Model multilingual reading yourself
Kids copy what we do, full stop. If they never see you reading in another language, they'll assume multilingual reading is something only they have to do for school, not something grown-ups do for fun. Even if you're not fluent in the target language, let them see you engaging with it: read a recipe in the target language while you cook, scroll through a social media account in the language, read a children's book you're learning from, and chat out loud about what you're reading. I'm still learning Spanish, so every night after the kids go to bed, I read 10 pages of my Spanish novel. My kids will sometimes come sit with me while I read, and ask me what words mean, or try to sound out the words they recognize. They see that reading in another language is something I do for fun, not just a homework assignment they have to complete, and they're way more excited to pick up their own Spanish books as a result. If you make a mistake while reading, own it! Say "Oh, I think I pronounced that word wrong, let's look it up together!" That shows them that learning is a normal, ongoing process, not something you have to be perfect at.

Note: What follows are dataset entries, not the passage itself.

(* Consider coordination games in which every player has strategy set $\{1,2\}$, with solution set $\mathrm{NE}$ (pure Nash equilibria). (1) If $G$ is a cycle on $n\ge4$ nodes, then $ST(\mathrm{NE})\setminus\mathrm{NE}\neq\emptyset$; moreover, if $n$ is even, there is $s\in ST(\mathrm{NE})\setminus\mathrm{NE}$ with $\mathrm{sw}(s)=|E|-|N|\,(=0)$. (2) If $G$ is the complete graph on $n$ nodes, then $ST(\mathrm{NE})\setminus\mathrm{NE}\neq\emptyset$ if and only if $n$ is even. (3) If $G$ is a forest with at least one edge, then $ST(\mathrm{NE})\setminus\mathrm{NE}\neq\emptyset$.
   Context: The coordination game on a finite simple undirected graph $G=(N,E)$: players are nodes, each chooses $s_i\in\{1,2\}$, and $u_i(s)$ is the number of neighbours $j$ of $i$ with $s_j=s_i$; $\mathrm{sw}(s)=\sum_iu_i(s)$. For a solution set $D$, a transition is a profile $t$ such that for each $i$ there is $d\in D$ with $t_i=d_i$. $\mathrm{BR}_i(s_{-i})$ is the set of best responses of $i$. A stable transition is a transition $s$ such that for every $i$ with $s_i\notin\mathrm{BR}_i(s_{-i})$ there is $j\neq i$ with $s_j\notin\mathrm{BR}_j(s_{-j})$ and some $\hat s_j\in\mathrm{BR}_j(s_{-j})$ with $s_i\in\mathrm{BR}_i(\hat s_j,s_{-\{i,j\}})$; $ST(D)$ denotes the set of stable transitions. *)

theory Defs
  imports Main "HOL-Library.FuncSet"
begin

text \<open>Coordination game on a finite simple undirected graph with vertex set V and
adjacency relation E. Strategies are 1 and 2; a profile assigns a strategy to
every node of V (and is undefined outside V).\<close>

definition simple_graph :: "'a set \<Rightarrow> ('a \<Rightarrow> 'a \<Rightarrow> bool) \<Rightarrow> bool" where
  "simple_graph V E \<longleftrightarrow> finite V \<and> (\<forall>i j. E i j \<longrightarrow> i \<in> V \<and> j \<in> V)
     \<and> (\<forall>i j. E i j \<longrightarrow> E j i) \<and> (\<forall>i. \<not> E i i)"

The Only Goal Is Joy, Not Perfection
At the end of the day, the point of building a multilingual reading habit isn't to raise a kid who can read Dostoevsky in three languages by age 10, or ace every language test at school. It's to help them see multilingual reading as a source of joy, connection, and curiosity---something they choose to do, not something they're forced to do. If they only read one page a week in their second language, that's a win. If they only want to read graphic novels about Minecraft in Spanish, that's a win. If they mix English and French mid-sentence while they're reading, that's a win. The habits that stick are the ones that feel good, not the ones that feel like work. Before you know it, they'll be reaching for a book in another language on their own, not because you made them, but because they want to.